The Court therefore concludes that the bankruptcy court erred in allowing AgriStor's claim for administrative expenses. Accordingly,
IT IS HEREBY ORDERED:
(1) That appellants' request for oral argument is denied;
(2) That the August 18, 1988 order of the bankruptcy court, finding the parties' "lease" to be a true lease, is affirmed;
(3) That the August 18, 1988 order of the bankruptcy court, granting the appellee's claim for administrative expenses in the amount of $32,328.94, is reversed; and
(4) This matter is remanded to the bankruptcy court for further proceedings not inconsistent with this opinion.
On Motion For Rehearing
This matter is before the Court on the appellee's motion for rehearing and request for oral argument (Filing No. 7). On May 10, 1990, this Court entered a Memorandum Opinion and Order (1) affirming the bankruptcy court's finding that the parties' "lease" was a true lease, and (2) reversing the bankruptcy court's finding that the appellee, AgriStor Leasing, was entitled to an administrative expense for the agricultural equipment which debtors had leased.

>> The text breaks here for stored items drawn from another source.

lemma finite_single_node_configs: "finite {C. single_node_config C}"
proof (rule finite_subset)
  show "{C. single_node_config C} \<subseteq>
        {f. \<forall>x. (x \<in> Proc \<longrightarrow> f x \<in> Pow N) \<and> (x \<notin> Proc \<longrightarrow> f x = {})}"
    by (auto simp: single_node_config_def)
  show "finite {f. \<forall>x. (x \<in> Proc \<longrightarrow> f x \<in> Pow N) \<and> (x \<notin> Proc \<longrightarrow> f x = {})}"
    using finite_Proc finite_N by (intro finite_set_of_finite_funs) auto
qed

lemma single_node_config_nfin_enabled:
  assumes "single_node_config C" "enabled N dm nfin C"
  shows "C = C_fin Proc nfin"
proof
  fix p
  show "C p = C_fin Proc nfin p"
  proof (cases "p \<in> Proc")
    case True
    then obtain m where "C p = {m}" using assms(1) by (auto simp: single_node_config_def)
    moreover have "nfin \<in> C p" using assms(2) dm_nfin True by (simp add: enabled_def)
    ultimately show ?thesis using True by (simp add: C_fin_def)
  next
    case False
    then show ?thesis using assms(1) by (simp add: single_node_config_def C_fin_def)
  qed
qed

lemma p_path_followed:
  assumes bottom: "\<forall>E. reachable N dm out delta D E \<longrightarrow> reachable N dm out delta E D"
    and en: "enabled N dm n D" "p \<in> dm n"
    and path: "p_path N dm out delta p m m'"
  shows "reachable N dm out delta D C \<Longrightarrow> C p = {m} \<Longrightarrow>
         \<exists>E. reachable N dm out delta D E \<and> E p = {m'}"
  using path unfolding p_path_def
proof (induction arbitrary: C rule: converse_rtrancl_induct)
  case base
  then show ?case by blast
next
  case (step m m1)
  from step.hyps(1) obtain a where m: "m \<in> N" and a: "a \<in> out m" and pm: "p \<in> dm m"
    and m1: "m1 \<in> delta m a p"
    by (auto simp: graph_edge_def)
  have "reachable N dm out delta C D" using bottom step.prems(1) by blast
  then obtain E where E: "reachable N dm out delta C E" "E p = {m}" "enabled N dm m E"
    using current_node_enabled_before step.prems(2) en by metis
  define E' where "E' = (\<lambda>q. if q \<in> dm m then delta m a q else E q)"
  have "step N dm out delta E (m, a) E'" using E(3) a by (simp add: step_def E'_def)
  then have "reachable N dm out delta D E'"
    using reachable_trans[OF reachable_trans[OF step.prems(1) E(1)] reachable_step] by blast
  moreover have "E' p = {m1}"
    using delta_singleton[OF m a pm] m1 pm by (auto simp: E'_def)
  ultimately show ?case by (rule step.IH)
qed

lemma C_fin_reachable_if_no_deadlock:
  assumes paths: "\<forall>n\<in>N. local_path N dm out delta ninit n \<longrightarrow>
           (\<forall>p\<in>dm n. p_path N dm out delta p n nfin)"
    and no_deadlock: "\<forall>E. reachable N dm out delta (C_init Proc ninit) E \<longrightarrow> \<not> deadlock N dm E"
    and C: "reachable N dm out delta (C_init Proc ninit) C"
  shows "reachable N dm out delta C (C_fin Proc nfin)"
proof -
  let ?reach = "reachable N dm out delta"
  have single: "single_node_config E" if "?reach C E" for E
    using single_node_config_reachable[OF reachable_trans[OF C that] single_node_config_C_init] .
  then have "{E. ?reach C E} \<subseteq> {E. single_node_config E}" by blast
  then have "finite {E. ?reach C E}" using finite_single_node_configs by (rule finite_subset)
  moreover have "reflp ?reach" by (rule reflpI, rule reachable_refl)
  moreover have "transp ?reach" by (rule transpI, erule (1) reachable_trans)
  ultimately obtain D where CD: "?reach C D" and bottom: "\<forall>E. ?reach D E \<longrightarrow> ?reach E D"
    using finite_preorder_has_bottom by metis
  obtain n where en: "enabled N dm n D"
    using no_deadlock reachable_trans[OF C CD] unfolding deadlock_def by blast
  then have n: "n \<in> N" by (simp add: enabled_def)
  then obtain p where p: "p \<in> dm n" using dm_nonempty by blast
  have nDp: "n \<in> D p" using en p by (simp add: enabled_def)
  have D: "single_node_config D" using single CD .
  then obtain m where Dp: "D p = {m}" and "local_path N dm out delta ninit m"
    using p dm_subset_Proc[OF n] unfolding single_node_config_def by blast
  moreover have "m = n" using nDp Dp by simp
  ultimately have "p_path N dm out delta p n nfin" using paths n p by blast
  then obtain E where "?reach D E" "E p = {nfin}"
    using p_path_followed[OF bottom en p] reachable_refl Dp \<open>m = n\<close> by blast
  then have "D p = {nfin}" using bottom nfin_persists by blast
  then have "n = nfin" using nDp by simp
  then show ?thesis using CD single_node_config_nfin_enabled[OF D] en by simp
qed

In support of its motion for rehearing, appellee argues (1) that the bankruptcy court erred in finding that the debtors "did not use the equipment since the date of petition," and (2) that regardless of whether there was actual use of the leased equipment, debtors' retention of the equipment and control thereof constituted substantial benefit to the bankrupt estate and entitled AgriStor to an administrative expense under § 503(b).
Having considered the appellee's motion for rehearing and its brief in support thereof, the Court finds that the motion should be denied. First, the Court finds that the record supports the bankruptcy court's factual finding that there was no "actual use" of the leased equipment by the debtors after the filing of the petition. Appellee failed to meet its burden of proof that there was "actual" and "necessary" use of the equipment, as required under § 503(b)(1)(A). Second, retention and control of the equipment, without proof of actual and necessary use by the debtor, is insufficient grounds for allowing an administrative expense under § 503(b)(1)(A). See In re Subscription Television, 789 F.2d 1530, 1532 (11th Cir. 1986).
For the reasons set forth above,
IT IS HEREBY ORDERED that appellee's motion for rehearing and request for oral argument (Filing No. 7) in this bankruptcy appeal are denied.